[What is required] A stretch of the entries below is to be set down exactly, running from the line with "i \<omega>) \<le>" through the line with "max (prob (D", both included, and no other line.

[Record extracts]
....................

lemma wcomon_dichotomy:
  fixes X Y :: "'a \<Rightarrow> real" and q :: real
  assumes X: "X \<in> borel_measurable M" and Y: "Y \<in> borel_measurable M"
    and w: "wcomon M \<beta> Y X" and t: "0 \<le> t" "t \<le> \<beta>" "t < 1"
  defines "D \<equiv> {\<omega>\<in>space M. q < Y \<omega>}" and "T \<equiv> upper_tail M t X"
  shows "prob (D - T) = 0 \<or> prob (T - D) = 0"
proof (cases "t = 0")
  case True
  then show ?thesis by (simp add: T_def upper_tail_def)
next
  case False
  define p where "p = 1 - t"
  have p: "1 - \<beta> \<le> p" "p < 1" and T: "T = Aset M p X"
    using t False by (auto simp: p_def T_def upper_tail_def)
  obtain Y' Z' where Y': "Y' \<in> borel_measurable M" and Z': "Z' \<in> borel_measurable M"
    and aY: "AE \<omega> in M. Y' \<omega> = Y \<omega>" and aZ: "AE \<omega> in M. Z' \<omega> = X \<omega>"
    and cm: "\<forall>\<omega>\<in>Aset M p Z'. \<forall>\<omega>'\<in>space M - Aset M p Z'. 0 \<le> (Y' \<omega> - Y' \<omega>') * (Z' \<omega> - Z' \<omega>')"
    using w p unfolding wcomon_def by blast
  let ?D' = "{\<omega>\<in>space M. q < Y' \<omega>}" and ?T' = "Aset M p Z'"
  have sets: "D \<in> events" "?D' \<in> events" "T \<in> events" "?T' \<in> events"
    using X Y Y' Z' unfolding D_def T Aset_def by measurable
  have VaR_eq: "VaR M p Z' = VaR M p X" using VaR_AE_cong[OF X Z' aZ] .
  have AE_eq: "AE \<omega> in M. (\<omega> \<in> D \<longleftrightarrow> \<omega> \<in> ?D') \<and> (\<omega> \<in> T \<longleftrightarrow> \<omega> \<in> ?T')"
    using aY aZ by eventually_elim (auto simp: D_def T Aset_def VaR_eq)
  have "prob (D - T) = prob (?D' - ?T')" "prob (T - D) = prob (?T' - ?D')"
    by (rule measure_eq_AE; use AE_eq sets in \<open>auto\<close>)+
  moreover have "?D' \<subseteq> ?T' \<or> ?T' \<subseteq> ?D'"
    using comonotone_superlevel_dichotomy[OF cm] by (simp add: Aset_def)
  ultimately show ?thesis by (metis Diff_eq_empty_iff measure_empty)
qed

end

section \<open>The lower bound\<close>

definition admissible :: "'a measure \<Rightarrow> nat \<Rightarrow> real \<Rightarrow> ('a \<Rightarrow> real) \<Rightarrow> (nat \<Rightarrow> 'a \<Rightarrow> real) \<Rightarrow> bool"
  where "admissible M n \<beta> X Xs \<longleftrightarrow> (\<forall>i<n. Xs i \<in> borel_measurable M) \<and>
    (AE \<omega> in M. X \<omega> \<le> (\<Sum>i<n. Xs i \<omega>)) \<and> (\<forall>i<n. wcomon M \<beta> (Xs i) X)"

lemma Vbeta_eq_Inf_admissible:
  "Vbeta M n \<alpha> \<beta> X = Inf {ereal (\<Sum>i<n. Qa M (\<alpha> i) (Xs i)) | Xs. admissible M n \<beta> X Xs}"
  by (simp add: Vbeta_def admissible_def)

lemma ex_Max_lessThan:
  fixes f :: "nat \<Rightarrow> 'b::linorder"
  assumes "0 < n"
  obtains i where "i < n" "f i = Max (f ` {..<n})"
  using Max_in[of "f ` {..<n}"] assms by fastforce

lemma level_eq_min_Max:
  fixes \<alpha> :: "nat \<Rightarrow> real" and \<beta> :: real and n :: nat
  defines "t \<equiv> min \<beta> (Max (\<alpha> ` {..<n}))"
  shows "t + (\<Sum>i<n. max (\<alpha> i - \<beta>) 0) = t + (\<Sum>i<n. max (\<alpha> i - t) 0)"
proof (cases "\<beta> \<le> Max (\<alpha> ` {..<n})")
  case False
  have "max (\<alpha> i - \<beta>) 0 = 0" "max (\<alpha> i - t) 0 = 0" if "i < n" for i
  proof -
    have "\<alpha> i \<le> Max (\<alpha> ` {..<n})" using that by simp
    then show "max (\<alpha> i - \<beta>) 0 = 0" "max (\<alpha> i - t) 0 = 0" using False by (auto simp: t_def)
  qed
  then show ?thesis by simp
qed (simp add: t_def)

lemma level_bounds:
  fixes \<alpha> :: "nat \<Rightarrow> real" and \<beta> :: real and n :: nat
  assumes "0 < n" "\<forall>i<n. 0 \<le> \<alpha> i" "0 \<le> \<beta>"
  defines "\<gamma> \<equiv> min \<beta> (Max (\<alpha> ` {..<n})) + (\<Sum>i<n. max (\<alpha> i - \<beta>) 0)"
  shows "Max (\<alpha> ` {..<n}) \<le> \<gamma>" "\<gamma> \<le> (\<Sum>i<n. \<alpha> i)"
proof -
  obtain j where j: "j < n" "\<alpha> j = Max (\<alpha> ` {..<n})"
    using ex_Max_lessThan[OF assms(1)] .
  have split: "(\<Sum>i<n. f i) = f j + (\<Sum>i\<in>{..<n}-{j}. f i)" for f :: "nat \<Rightarrow> real"
    using j(1) by (simp add: sum.remove)
  have "min \<beta> (\<alpha> j) + max (\<alpha> j - \<beta>) 0 = \<alpha> j" by linarith
  moreover have "0 \<le> (\<Sum>i\<in>{..<n}-{j}. max (\<alpha> i - \<beta>) 0)"
    by (intro sum_nonneg) auto
  moreover have "(\<Sum>i\<in>{..<n}-{j}. max (\<alpha> i - \<beta>) 0) \<le> (\<Sum>i\<in>{..<n}-{j}. \<alpha> i)"
    using assms(2,3) by (intro sum_mono) auto
  ultimately show "Max (\<alpha> ` {..<n}) \<le> \<gamma>" "\<gamma> \<le> (\<Sum>i<n. \<alpha> i)"
    unfolding \<gamma>_def split[of "\<lambda>i. max (\<alpha> i - \<beta>) 0"] split[of \<alpha>] j(2)[symmetric] by linarith+
qed

lemma (in finite_measure) measure_Diff_le_if_dichotomy:
  assumes "A \<in> sets M" "B \<in> sets M" "measure M (A - B) = 0 \<or> measure M (B - A) = 0"
  shows "measure M (A - B) \<le> max (measure M A - measure M B) 0"
  using assms(3)
proof
  assume "measure M (B - A) = 0"
  then have "measure M B = measure M (A \<inter> B)"
    using finite_measure_Diff'[OF assms(2,1)] by (simp add: Int_commute)
  then show ?thesis using finite_measure_Diff'[OF assms(1,2)] by simp
qed simp

lemma (in finite_measure) measure_UN_le_measure_add_Diff:
  assumes "finite I" "T \<in> sets M" "\<And>i. i \<in> I \<Longrightarrow> D i \<in> sets M"
  shows "measure M (\<Union>i\<in>I. D i) \<le> measure M T + (\<Sum>i\<in>I. measure M (D i - T))"
proof -
  have "measure M (\<Union>i\<in>I. D i) \<le> measure M (T \<union> (\<Union>i\<in>I. D i - T))"
    using assms by (intro finite_measure_mono) auto
  also have "\<dots> \<le> measure M T + measure M (\<Union>i\<in>I. D i - T)"
    using assms by (intro measure_Un_le sets.finite_UN sets.Diff) auto
  also have "measure M (\<Union>i\<in>I. D i - T) \<le> (\<Sum>i\<in>I. measure M (D i - T))"
    using assms by (intro measure_UNION_le) auto
  finally show ?thesis by simp
qed

context prob_space
begin

lemma prob_gt_sum_le_prob_UN:
  fixes X :: "'a \<Rightarrow> real" and Y :: "'i \<Rightarrow> 'a \<Rightarrow> real"
  assumes "finite I" "\<And>i. i \<in> I \<Longrightarrow> Y i \<in> borel_measurable M"
    and "AE \<omega> in M. X \<omega> \<le> (\<Sum>i\<in>I. Y i \<omega>)"
  shows "prob {\<omega>\<in>space M. (\<Sum>i\<in>I. q i) < X \<omega>} \<le> prob (\<Union>i\<in>I. {\<omega>\<in>space M. q i < Y i \<omega>})"
proof (rule finite_measure_mono_AE)
  show "AE \<omega> in M. \<omega> \<in> {\<omega>\<in>space M. (\<Sum>i\<in>I. q i) < X \<omega>} \<longrightarrow>
      \<omega> \<in> (\<Union>i\<in>I. {\<omega>\<in>space M. q i < Y i \<omega>})"
    using assms(3)
  proof eventually_elim
    case (elim \<omega>)
    show ?case
    proof (rule impI, rule ccontr)
      assume \<omega>: "\<omega> \<in> {\<omega>\<in>space M. (\<Sum>i\<in>I. q i) < X \<omega>}"
        and "\<omega> \<notin> (\<Union>i\<in>I. {\<omega>\<in>space M. q i < Y i \<omega>})"
      then have "(\<Sum>i\<in>I. Y i \<omega>) \<le> (\<Sum>i\<in>I. q i)"
        by (intro sum_mono) (auto simp: not_less)
      with elim \<omega> show False by simp
    qed
  qed
  have "{\<omega>\<in>space M. q i < Y i \<omega>} \<in> events" if "i \<in> I" for i
    using assms(2)[OF that] by measurable
  then show "(\<Union>i\<in>I. {\<omega>\<in>space M. q i < Y i \<omega>}) \<in> events"
    using assms(1) by auto
qed

lemma prob_gt_sum_Qa_le:
  fixes X :: "'a \<Rightarrow> real"
  assumes X: "X \<in> borel_measurable M" "cont_distributed M X"
    and adm: "admissible M n \<beta> X Xs" and \<alpha>: "\<forall>i<n. 0 < \<alpha> i \<and> \<alpha> i < 1"
    and t: "0 \<le> t" "t \<le> \<beta>" "t < 1"
  shows "prob {\<omega>\<in>space M. (\<Sum>i<n. Qa M (\<alpha> i) (Xs i)) < X \<omega>} \<le> t + (\<Sum>i<n. max (\<alpha> i - t) 0)"
proof -
  define D where "D i = {\<omega>\<in>space M. Qa M (\<alpha> i) (Xs i) < Xs i \<omega>}" for i
  define T where "T = upper_tail M t X"
  have Xs: "\<And>i. i < n \<Longrightarrow> Xs i \<in> borel_measurable M"
    using adm by (simp add: admissible_def)
  have D: "\<And>i. i < n \<Longrightarrow> D i \<in> events"
    unfolding D_def using Xs by measurable
  have T: "T \<in> events" "prob T = t"
    using X t by (simp_all add: T_def prob_upper_tail)
  have "prob (D i - T) \<le> max (\<alpha> i - t) 0" if i: "i < n" for i
  proof -
    have "prob (D i - T) \<le> max (prob (D i) - prob T) 0"
      using adm i X(1) Xs[OF i] t unfolding D_def T_def admissible_def
      by (intro measure_Diff_le_if_dichotomy wcomon_dichotomy) auto
    moreover have "prob (D i) \<le> \<alpha> i"
      using prob_gt_Qa_le[OF Xs[OF i]] \<alpha> i by (simp add: D_def)
    ultimately show ?thesis using T(2) by linarith
  qed
  then have "prob T + (\<Sum>i<n. prob (D i - T)) \<le> t + (\<Sum>i<n. max (\<alpha> i - t) 0)"
    using T(2) by (auto intro!: sum_mono)
  moreover have "prob {\<omega>\<in>space M. (\<Sum>i<n. Qa M (\<alpha> i) (Xs i)) < X \<omega>} \<le> prob (\<Union>i<n. D i)"
    using adm Xs unfolding D_def admissible_def by (intro prob_gt_sum_le_prob_UN) auto
  moreover have "prob (\<Union>i<n. D i) \<le> prob T + (\<Sum>i<n. prob (D i - T))"
    using T D by (intro measure_UN_le_measure_add_Diff) auto
  ultimately show ?thesis by linarith
qed

end

section \<open>The upper bound\<close>

lemma subset_Un_UN_Diff_Suc: "A n \<subseteq> A 0 \<union> (\<Union>i<n. A (Suc i) - A i)"
  by (induction n) (auto simp: lessThan_Suc)

text \<open>The events \<open>E i\<close> may overlap, so the shares add up to at least \<open>X\<close>, not
  exactly to \<open>X\<close>.\<close>

definition excess_split :: "nat \<Rightarrow> real \<Rightarrow> (nat \<Rightarrow> 'a set) \<Rightarrow> ('a \<Rightarrow> real) \<Rightarrow> nat \<Rightarrow> 'a \<Rightarrow> real"
  where "excess_split j c E X i \<omega> =
    (if i = j then min (X \<omega>) c else 0) + max (X \<omega> - c) 0 * indicator (E i) \<omega>"

definition excess_cover ::
    "'a measure \<Rightarrow> nat \<Rightarrow> (nat \<Rightarrow> real) \<Rightarrow> real \<Rightarrow> ('a \<Rightarrow> real) \<Rightarrow> real \<Rightarrow> (nat \<Rightarrow> 'a set) \<Rightarrow> bool"
  where "excess_cover M n \<alpha> \<beta> X c E \<longleftrightarrow> (\<forall>i<n. E i \<in> sets M) \<and>
    (\<forall>i<n. measure M (E i \<inter> {\<omega>\<in>space M. c < X \<omega>}) \<le> \<alpha> i) \<and>
    (AE \<omega> in M. c < X \<omega> \<longrightarrow> (\<exists>i<n. \<omega> \<in> E i)) \<and>
    (\<forall>i<n. E i = {} \<or> (\<forall>p. 1 - \<beta> \<le> p \<and> p < 1 \<longrightarrow> Aset M p X \<subseteq> E i))"

lemma sum_excess_split:
  assumes "j < n"
  shows "(\<Sum>i<n. excess_split j c E X i \<omega>) =
    min (X \<omega>) c + (\<Sum>i<n. max (X \<omega> - c) 0 * indicator (E i) \<omega>)"
  using assms by (simp add: excess_split_def sum.distrib)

....................

[Result of the exercise]
      then have "(\<Sum>i\<in>I. Y i \<omega>) \<le> (\<Sum>i\<in>I. q i)"
        by (intro sum_mono) (auto simp: not_less)
      with elim \<omega> show False by simp
    qed
  qed
  have "{\<omega>\<in>space M. q i < Y i \<omega>} \<in> events" if "i \<in> I" for i
    using assms(2)[OF that] by measurable
  then show "(\<Union>i\<in>I. {\<omega>\<in>space M. q i < Y i \<omega>}) \<in> events"
    using assms(1) by auto
qed

lemma prob_gt_sum_Qa_le:
  fixes X :: "'a \<Rightarrow> real"
  assumes X: "X \<in> borel_measurable M" "cont_distributed M X"
    and adm: "admissible M n \<beta> X Xs" and \<alpha>: "\<forall>i<n. 0 < \<alpha> i \<and> \<alpha> i < 1"
    and t: "0 \<le> t" "t \<le> \<beta>" "t < 1"
  shows "prob {\<omega>\<in>space M. (\<Sum>i<n. Qa M (\<alpha> i) (Xs i)) < X \<omega>} \<le> t + (\<Sum>i<n. max (\<alpha> i - t) 0)"
proof -
  define D where "D i = {\<omega>\<in>space M. Qa M (\<alpha> i) (Xs i) < Xs i \<omega>}" for i
  define T where "T = upper_tail M t X"
  have Xs: "\<And>i. i < n \<Longrightarrow> Xs i \<in> borel_measurable M"
    using adm by (simp add: admissible_def)
  have D: "\<And>i. i < n \<Longrightarrow> D i \<in> events"
    unfolding D_def using Xs by measurable
  have T: "T \<in> events" "prob T = t"
    using X t by (simp_all add: T_def prob_upper_tail)
  have "prob (D i - T) \<le> max (\<alpha> i - t) 0" if i: "i < n" for i
  proof -
    have "prob (D i - T) \<le> max (prob (D i) - prob T) 0"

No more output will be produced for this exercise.